In clinical observations of 120 patients with rheumatic arthritis, 70% of the patients experienced both objective and subjective improvement, as evidenced by decreased pain and increased mobility after one and four weeks (15). From a total of 733 patients and volunteers treated with three different Salix bark preparations, mild adverse events were reported in only 27 cases (about 4%). During two weeks of co-treatment with tablets containing willow bark extract 360 mg (standardized for 11% total salicylates), there were five reports of stomach ache, two of nausea, one of dizziness, one of sweating, and one of reversible skin rashes (16). Only one of another 11 patient taking the same medication for 14 days complained of stomach ache, which appeared to be unrelated to taking the preparation (17). Reversible gastrointestinal complaints were reported in 13 patients out of 228 treated for one day with willow bark extract as co-medication (18). Another 12 volunteers who consumed the bark extract of Salix species (167 mg standardized for 11% total salicin per tablet) did not complain of adverse effects during their two-day consumption of up to nine tablets (9, 10). Of another 41 patients with chronic arthritic pain receiving 200 mg of Salix bark extract per dose in a two month double-blind study, three cases of adverse effects were reported (each n =1: dyspeptic symptoms, diarrhea, headache) (19).
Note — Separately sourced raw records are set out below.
(* Let $I\subseteq\mathbb K[x_1,\dots,x_n]$ be an $\mathfrak m$-primary monomial ideal with $\mu_i=x_i^{d_i}\in G(I)$, and let $J=\langle\mu_1,\dots,\mu_n\rangle$. Then $I$ is very good if and only if $I^2=IJ$.
   Context: Let $\mathbb K$ be a field, $R=\mathbb K[x_1,\dots,x_n]$, $\mathfrak m=\langle x_1,\dots,x_n\rangle$, $\mathbb N=\{0,1,2,\dots\}$. A monomial $x_1^{\alpha_1}\cdots x_n^{\alpha_n}$ is identified with the point $(\alpha_1,\dots,\alpha_n)\in\mathbb N^n$. For a monomial ideal $I$, $G(I)$ denotes its (unique) minimal monomial generating set. If $I$ is an $\mathfrak m$-primary monomial ideal, then for each $i$ there is a unique $d_i\ge1$ with $x_i^{d_i}\in G(I)$; write $\mu_i=x_i^{d_i}$. For $(a_1,\dots,a_n)\in\mathbb N^n$ the box associated to $I$ is $B_{a_1,\dots,a_n}=([a_1d_1,(a_1+1)d_1]\times\cdots\times[a_nd_n,(a_n+1)d_n])\cap\mathbb N^n$; a monomial belongs to a box if its exponent vector does. An $\mathfrak m$-primary monomial ideal $I$ is called good if for every integer $l\ge1$, every element of $G(I^l)$ belongs to some box $B_{a_1,\dots,a_n}$ with $a_1+\dots+a_n=l-1$. For a good ideal $I$ and $a=(a_1,\dots,a_n)\in\mathbb N^n$, with $l=a_1+\dots+a_n+1$, define $I_{a_1,\dots,a_n}=\left\langle \frac{m}{\mu_1^{a_1}\cdots\mu_n^{a_n}} : m\in B_{a_1,\dots,a_n}\cap G(I^l)\right\rangle$. A good ideal $I$ is called very good if $I_{a}=I$ for all $a\in\mathbb N^n$. *)

theory Defs
  imports Main
begin

text \<open>Monomials of K[x_1,...,x_n] are encoded by exponent vectors
  a :: nat => nat with a i = 0 for i >= n (variable x_(i+1) has index i).
  A monomial ideal is encoded by the set of exponent vectors of the monomials
  it contains (which determines it). Divisibility of monomials is the
  pointwise order on exponent vectors.\<close>

definition mons :: "nat \<Rightarrow> (nat \<Rightarrow> nat) set" where
  "mons n = {a. \<forall>i. n \<le> i \<longrightarrow> a i = 0}"

definition mono_ideal :: "nat \<Rightarrow> (nat \<Rightarrow> nat) set \<Rightarrow> bool" where
  "mono_ideal n I \<longleftrightarrow> I \<subseteq> mons n \<and>
     (\<forall>a\<in>I. \<forall>b\<in>mons n. a \<le> b \<longrightarrow> b \<in> I)"

definition gen_ideal :: "nat \<Rightarrow> (nat \<Rightarrow> nat) set \<Rightarrow> (nat \<Rightarrow> nat) set" where
  "gen_ideal n G = {c \<in> mons n. \<exists>g\<in>G. g \<le> c}"

definition gens :: "(nat \<Rightarrow> nat) set \<Rightarrow> (nat \<Rightarrow> nat) set" where
  "gens I = {a \<in> I. \<forall>b\<in>I. b \<le> a \<longrightarrow> b = a}"

definition prod_ideal :: "nat \<Rightarrow> (nat \<Rightarrow> nat) set \<Rightarrow> (nat \<Rightarrow> nat) set \<Rightarrow> (nat \<Rightarrow> nat) set" where
  "prod_ideal n I J = gen_ideal n {(\<lambda>i. a i + b i) | a b. a \<in> I \<and> b \<in> J}"

primrec ipow :: "nat \<Rightarrow> (nat \<Rightarrow> nat) set \<Rightarrow> nat \<Rightarrow> (nat \<Rightarrow> nat) set" where
  "ipow n I 0 = mons n"
| "ipow n I (Suc l) = prod_ideal n I (ipow n I l)"

definition rad :: "nat \<Rightarrow> (nat \<Rightarrow> nat) set \<Rightarrow> (nat \<Rightarrow> nat) set" where
  "rad n I = {a \<in> mons n. \<exists>k\<ge>1. (\<lambda>i. k * a i) \<in> I}"

definition max_ideal :: "nat \<Rightarrow> (nat \<Rightarrow> nat) set" where
  "max_ideal n = gen_ideal n {(\<lambda>j. if j = i then 1 else 0) | i. i < n}"

definition m_primary :: "nat \<Rightarrow> (nat \<Rightarrow> nat) set \<Rightarrow> bool" where
  "m_primary n I \<longleftrightarrow> mono_ideal n I \<and> rad n I = max_ideal n"

definition xpow :: "nat \<Rightarrow> nat \<Rightarrow> (nat \<Rightarrow> nat)" where
  "xpow i d = (\<lambda>j. if j = i then d else 0)"

definition dI :: "(nat \<Rightarrow> nat) set \<Rightarrow> nat \<Rightarrow> nat" where
  "dI I i = (THE d. 1 \<le> d \<and> xpow i d \<in> gens I)"

definition box :: "nat \<Rightarrow> (nat \<Rightarrow> nat) set \<Rightarrow> (nat \<Rightarrow> nat) \<Rightarrow> (nat \<Rightarrow> nat) set" where
  "box n I a = {b \<in> mons n. \<forall>i<n. a i * dI I i \<le> b i \<and> b i \<le> (a i + 1) * dI I i}"
lemma connected_in_avoiding_walk:
  "avoiding_walk es e (x # p) \<Longrightarrow> connected_in (edge_of ` set es - {edge_of e}) x (last (x # p))"
proof (induction p arbitrary: x)
  case Nil
  then show ?case by (simp add: connected_in_def)
next
  case (Cons y p)
  then have step: "(x, y) \<in> set es \<or> (y, x) \<in> set es" "(x, y) \<noteq> e" "(y, x) \<noteq> e"
    and walk: "avoiding_walk es e (y # p)" by (auto simp: avoiding_walk_def)
  have "{x, y} \<in> edge_of ` set es"
    using step(1) by (metis edge_of_def fst_conv snd_conv image_eqI insert_commute)
  moreover have "{x, y} \<noteq> edge_of e"
    using step(2,3) by (cases e) (auto simp: edge_of_def doubleton_eq_iff)
  ultimately have "adj (edge_of ` set es - {edge_of e}) x y" by (simp add: adj_def)
  with Cons.IH[OF walk] show ?case
    unfolding connected_in_def by (simp add: converse_rtranclp_into_rtranclp)
qed

definition bridgeless_certificate :: "('a \<times> 'a) list \<Rightarrow> 'a list list \<Rightarrow> bool" where
  "bridgeless_certificate es ps = list_all2
     (\<lambda>e p. p \<noteq> [] \<and> hd p = fst e \<and> last p = snd e \<and> avoiding_walk es e p) es ps"

lemma bridgeless_of_certificate:
  assumes "bridgeless_certificate es ps"
  shows "bridgeless (edge_of ` set es)"
  unfolding bridgeless_def is_bridge_def
proof (intro ballI notI)
  fix e' assume "e' \<in> edge_of ` set es" "e' \<in> edge_of ` set es \<and>
      (\<exists>u v. e' = {u, v} \<and> \<not> connected_in (edge_of ` set es - {e'}) u v)"
  then obtain e u v where e: "e \<in> set es" "e' = edge_of e" and uv: "e' = {u, v}"
    and not_connected: "\<not> connected_in (edge_of ` set es - {e'}) u v" by blast
  obtain i where i: "i < length es" "es ! i = e" using e(1) by (metis in_set_conv_nth)
  have "length ps = length es" using assms unfolding bridgeless_certificate_def by (simp add: list_all2_lengthD)
  then obtain p where p: "p \<noteq> []" "hd p = fst e" "last p = snd e" "avoiding_walk es e p"
    using assms i unfolding bridgeless_certificate_def list_all2_conv_all_nth by metis
  then obtain p' where "p = fst e # p'" by (metis list.collapse)
  then have "connected_in (edge_of ` set es - {e'}) (fst e) (snd e)"
    using connected_in_avoiding_walk p e by metis
  moreover have "(u = fst e \<and> v = snd e) \<or> (u = snd e \<and> v = fst e)"
    using uv e(2) by (auto simp: edge_of_def doubleton_eq_iff)
  ultimately show False using not_connected connected_in_sym by metis
qed
lemma quasiconcave_on_partial_SUP:
  fixes G :: "'a::real_vector \<Rightarrow> 'b::real_vector \<Rightarrow> ereal"
  assumes "quasiconcave_on (T \<times> S) (\<lambda>(t, r). G t r)" "convex T"
  shows "quasiconcave_on S (\<lambda>r. SUP t\<in>T. G t r)"
  unfolding quasiconcave_on_def
proof (intro ballI)
  fix x y l assume xyl: "x \<in> S" "y \<in> S" "l \<in> {0..1::real}"
  let ?z = "l *\<^sub>R x + (1 - l) *\<^sub>R y"
  show "min (SUP t\<in>T. G t x) (SUP t\<in>T. G t y) \<le> (SUP t\<in>T. G t ?z)"
  proof (rule ccontr)
    assume "\<not> ?thesis"
    then have "(SUP t\<in>T. G t ?z) < (SUP t\<in>T. G t x) \<and> (SUP t\<in>T. G t ?z) < (SUP t\<in>T. G t y)"
      by (simp add: not_le)
    then obtain t1 t2 where t: "t1 \<in> T" "t2 \<in> T"
      "(SUP t\<in>T. G t ?z) < G t1 x" "(SUP t\<in>T. G t ?z) < G t2 y"
      by (auto simp: less_SUP_iff)
    have "l *\<^sub>R t1 + (1 - l) *\<^sub>R t2 \<in> T"
      using \<open>convex T\<close> t xyl by (simp add: convex_def)
    moreover have "min (G t1 x) (G t2 y)
        \<le> (\<lambda>(t, r). G t r) (l *\<^sub>R (t1, x) + (1 - l) *\<^sub>R (t2, y))"
      using quasiconcave_onD[OF assms(1), of "(t1, x)" "(t2, y)" l] t xyl by simp
    ultimately have "min (G t1 x) (G t2 y) \<le> (SUP t\<in>T. G t ?z)"
      by (auto intro: order_trans SUP_upper)
    with t(3,4) show False by (simp add: min_def split: if_splits)
  qed
qed

lemma quasiconcave_on_prodI_superlevel:
  fixes F :: "real \<Rightarrow> 'a::real_vector \<Rightarrow> ereal"
  assumes "\<And>t1 t2 r1 r2 l c. t1 \<in> T \<Longrightarrow> t2 \<in> T \<Longrightarrow> r1 \<in> S \<Longrightarrow> r2 \<in> S \<Longrightarrow> 0 \<le> l \<Longrightarrow> l \<le> 1
      \<Longrightarrow> ereal c \<le> F t1 r1 \<Longrightarrow> ereal c \<le> F t2 r2
      \<Longrightarrow> ereal c \<le> F (l * t1 + (1 - l) * t2) (l *\<^sub>R r1 + (1 - l) *\<^sub>R r2)"
  shows "quasiconcave_on (T \<times> S) (\<lambda>(t, r). F t r)"
proof (rule quasiconcave_onI_superlevel)
  fix x y l c assume xy: "x \<in> T \<times> S" "y \<in> T \<times> S" and l: "l \<in> {0..1::real}"
    and c: "ereal c \<le> (\<lambda>(t, r). F t r) x" "ereal c \<le> (\<lambda>(t, r). F t r) y"
  obtain t1 r1 t2 r2 where "x = (t1, r1)" "y = (t2, r2)"
    by fastforce
  with xy l c assms[of t1 t2 r1 r2 l c]
  show "ereal c \<le> (\<lambda>(t, r). F t r) (l *\<^sub>R x + (1 - l) *\<^sub>R y)"
    by simp
qed
text \<open>The recursion \<open>\<sigma>\<^sub>m(S) = \<sigma>\<^sub>m(S - {i}) + r\<^sub>i \<sigma>\<^sub>m\<^sub>-\<^sub>1(S - {i})\<close>, valid for every integer \<open>m\<close>
  thanks to the convention \<open>\<sigma>\<^sub>m = 0\<close> outside \<open>0..card S\<close>.\<close>
lemma esym_remove:
  assumes "finite S" "i \<in> S"
  shows "esym r S m = esym r (S - {i}) m + r i * esym r (S - {i}) (m - 1)"
proof (cases "m < 0")
  case True
  then show ?thesis by (simp add: esym_def)
next
  case False
  define N where "N = card (S - {i})"
  define P where "P = (\<Prod>l\<in>S - {i}. [:- r l, 1:])"
  have card_S: "card S = Suc N"
    using card_Suc_Diff1[OF assms] by (simp add: N_def)
  have prod_S: "(\<Prod>l\<in>S. [:- r l, 1:]) = [:- r i, 1:] * P"
    using assms by (simp add: P_def prod.remove)
  have P_high: "coeff P k = 0" if "N < k" for k
    using coeff_prod_linear_factors_eq_0[of "S - {i}" k r] assms that by (simp add: P_def N_def)
  obtain k where m: "m = int k"
    using False by (metis nonneg_int_cases not_less)
  consider "k = 0" | j where "k = Suc j" "k \<le> N" | "k = Suc N" | "Suc N < k"
    by (metis not0_implies_Suc not_less_eq_eq le_neq_implies_less)
  then show ?thesis
  proof cases
    case 1
    then show ?thesis
      using P_high[of "Suc N"] by (simp add: esym_def m card_S prod_S coeff_linear_factor_mult
          flip: N_def P_def)
  next
    case 2
    then have "nat (1 + int j) = Suc j" "Suc (N - Suc j) = N - j" by simp_all
    with 2 show ?thesis
      by (simp add: esym_def m card_S prod_S coeff_linear_factor_mult coeff_pCons' algebra_simps
          flip: N_def P_def)
  next
    case 3
    then show ?thesis
      by (simp add: esym_def m card_S prod_S coeff_linear_factor_mult nat_add_distrib
          flip: N_def P_def)
  next
    case 4
    then show ?thesis by (simp add: esym_def m card_S flip: N_def)
  qed
qed

lemma esym_remove_pair:
  assumes "finite S" "i \<in> S" "j \<in> S" "i \<noteq> j"
  shows "esym r (S - {i}) m = esym r (S - {i, j}) m + r j * esym r (S - {i, j}) (m - 1)"
  using esym_remove[of "S - {i}" j r m] assms by (simp add: insert_commute Diff_insert2[symmetric])

lemma Acoef_eq_esym:
  assumes "j \<le> n"
  shows "Acoef n r (n - j) = (-1) ^ j * esym r {1..n} (int j)"
  using assms by (simp add: Acoef_def esym_def)

lemma Acoef_top: "Acoef n r n = 1"
  using coeff_prod_linear_factors_card[of "{1..n}" r] by (simp add: Acoef_def)

section \<open>The summands of \<open>x\<close>\<close>

definition xterm :: "(nat \<Rightarrow> real) \<Rightarrow> (nat \<Rightarrow> real) \<Rightarrow> (nat \<Rightarrow> real) \<Rightarrow> nat \<Rightarrow> real \<Rightarrow> real" where
  "xterm eps r xi i a = xi i / sqrt (Delta eps r i a)"

definition dxterm :: "(nat \<Rightarrow> real) \<Rightarrow> (nat \<Rightarrow> real) \<Rightarrow> (nat \<Rightarrow> real) \<Rightarrow> nat \<Rightarrow> real \<Rightarrow> real" where
  "dxterm eps r xi i a = - xterm eps r xi i a / (2 * (a - r i))"

lemma has_real_derivative_Delta: "(Delta eps r i has_real_derivative eps i) (at a)"
  unfolding Delta_def[abs_def] by (auto intro!: derivative_eq_intros)

lemma Delta_pos_imp_neq: "Delta eps r i a > 0 \<Longrightarrow> a \<noteq> r i"
  by (auto simp: Delta_def)

lemma eps_div_Delta: "Delta eps r i a > 0 \<Longrightarrow> eps i / Delta eps r i a = 1 / (a - r i)"
  by (auto simp: Delta_def)

lemma dxterm_eq_xterm: "Delta eps r i a > 0 \<Longrightarrow> 2 * (a - r i) * dxterm eps r xi i a = - xterm eps r xi i a"
  by (auto simp: dxterm_def dest: Delta_pos_imp_neq)

lemma has_real_derivative_xterm:
  assumes "Delta eps r i a > 0"
  shows "(xterm eps r xi i has_real_derivative dxterm eps r xi i a) (at a)"
proof -
  have "((\<lambda>s. sqrt (Delta eps r i s)) has_real_derivative
          inverse (sqrt (Delta eps r i a)) / 2 * eps i) (at a)"
    by (rule DERIV_chain2[OF DERIV_real_sqrt[OF assms] has_real_derivative_Delta])
  from DERIV_divide[OF DERIV_const this, of "xi i"]
  have "(xterm eps r xi i has_real_derivative
          - xterm eps r xi i a / 2 * (eps i / Delta eps r i a)) (at a)"
    using assms by (simp add: xterm_def[abs_def] power2_eq_square field_simps)
  then show ?thesis
    using eps_div_Delta[OF assms] by (simp add: dxterm_def field_simps)
qed

lemma xterm_differentiable: "Delta eps r i a > 0 \<Longrightarrow> xterm eps r xi i differentiable (at a)"
  using has_real_derivative_xterm[of eps r i a xi] by (auto simp: real_differentiable_def)

lemma has_real_derivative_inverse_Delta:
  assumes "Delta eps r i a > 0"
  shows "((\<lambda>s. c / Delta eps r i s) has_real_derivative - (c / Delta eps r i a) / (a - r i)) (at a)"
proof -
  have "((\<lambda>s. c / Delta eps r i s) has_real_derivative
          - (c / Delta eps r i a) * (eps i / Delta eps r i a)) (at a)"
    using DERIV_divide[OF DERIV_const[of c] has_real_derivative_Delta[of eps r i a]] assms
    by (simp add: power2_eq_square field_simps)
  then show ?thesis
    using eps_div_Delta[OF assms] by (simp add: field_simps)
qed

lemma has_real_derivative_xi_sq_div_Delta:
  assumes "Delta eps r i a > 0"
  shows "((\<lambda>s. (xi i)\<^sup>2 / Delta eps r i s) has_real_derivative
           2 * xterm eps r xi i a * dxterm eps r xi i a) (at a)"
proof -
  have "(xi i)\<^sup>2 / Delta eps r i a = (xterm eps r xi i a)\<^sup>2"
    using assms by (simp add: xterm_def power_divide less_imp_le)
  then have "- ((xi i)\<^sup>2 / Delta eps r i a) / (a - r i) = 2 * xterm eps r xi i a * dxterm eps r xi i a"
    using Delta_pos_imp_neq[OF assms] by (simp add: dxterm_def field_simps power2_eq_square)
  then show ?thesis
    using has_real_derivative_inverse_Delta[OF assms, of "(xi i)\<^sup>2"] by simp
qed

lemma xdot_eq_sum:
  assumes "\<forall>i\<in>{1..n}. Delta eps r i a > 0"
  shows "xdot n eps r xi a = (\<Sum>i\<in>{1..n}. dxterm eps r xi i a)"
proof -
  have "((\<lambda>s. \<Sum>i\<in>{1..n}. xterm eps r xi i s) has_real_derivative (\<Sum>i\<in>{1..n}. dxterm eps r xi i a)) (at a)"
    using assms by (intro DERIV_sum has_real_derivative_xterm) auto
  then show ?thesis
    unfolding xdot_def by (intro DERIV_imp_deriv) (simp add: xfun_def[abs_def] xterm_def)
qed

lemma xdot_differentiable:
  assumes "open I" "a \<in> I" "\<forall>s\<in>I. \<forall>i\<in>{1..n}. Delta eps r i s > 0"
  shows "xdot n eps r xi differentiable (at a)"
proof -
  have "\<forall>i\<in>{1..n}. Delta eps r i a > 0"
    using assms by blast
  then have "(\<lambda>s. \<Sum>i\<in>{1..n}. dxterm eps r xi i s) differentiable (at a)"
    unfolding dxterm_def
    by (intro differentiable_sum ballI differentiable_minus differentiable_divide xterm_differentiable)
      (auto dest: Delta_pos_imp_neq)
  then obtain D where "((\<lambda>s. \<Sum>i\<in>{1..n}. dxterm eps r xi i s) has_real_derivative D) (at a)"
    by (auto simp: real_differentiable_def)
  then have "(xdot n eps r xi has_real_derivative D) (at a)"
    by (rule has_field_derivative_transform_within_open[OF _ assms(1,2)])
      (use assms(3) xdot_eq_sum in auto)
  then show ?thesis
    by (auto simp: real_differentiable_def)
qed

section \<open>The coefficients \<open>b\<^sub>k\<close> and \<open>c\<^sub>k\<close>\<close>

lemma btil_eq_xterm:
  "btil n eps r xi k = (\<lambda>a. (-1) ^ k * (\<Sum>i\<in>{1..n}. xterm eps r xi i a * sig1 n r i (int k - 1)))"
  by (simp add: btil_def xterm_def fun_eq_iff)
According to the European Monograph, the duration of treatment with willow bark extract is not restricted. Special warnings or precautions are not required. The irreversible inhibition of platelet aggregation by acetylsalicylic acid is probably not induced by the structurally different salicin (20). In accordance with general medical practice in the use of salicylic acid derivatives, the extract should not be used during pregnancy and lactation without medical advice. Undesirable effects have not been reported. In cases of sensitivity to salicylates, the use of Salix preparations should be avoided. No toxic effects have been reported. Preclinical safety data are not available.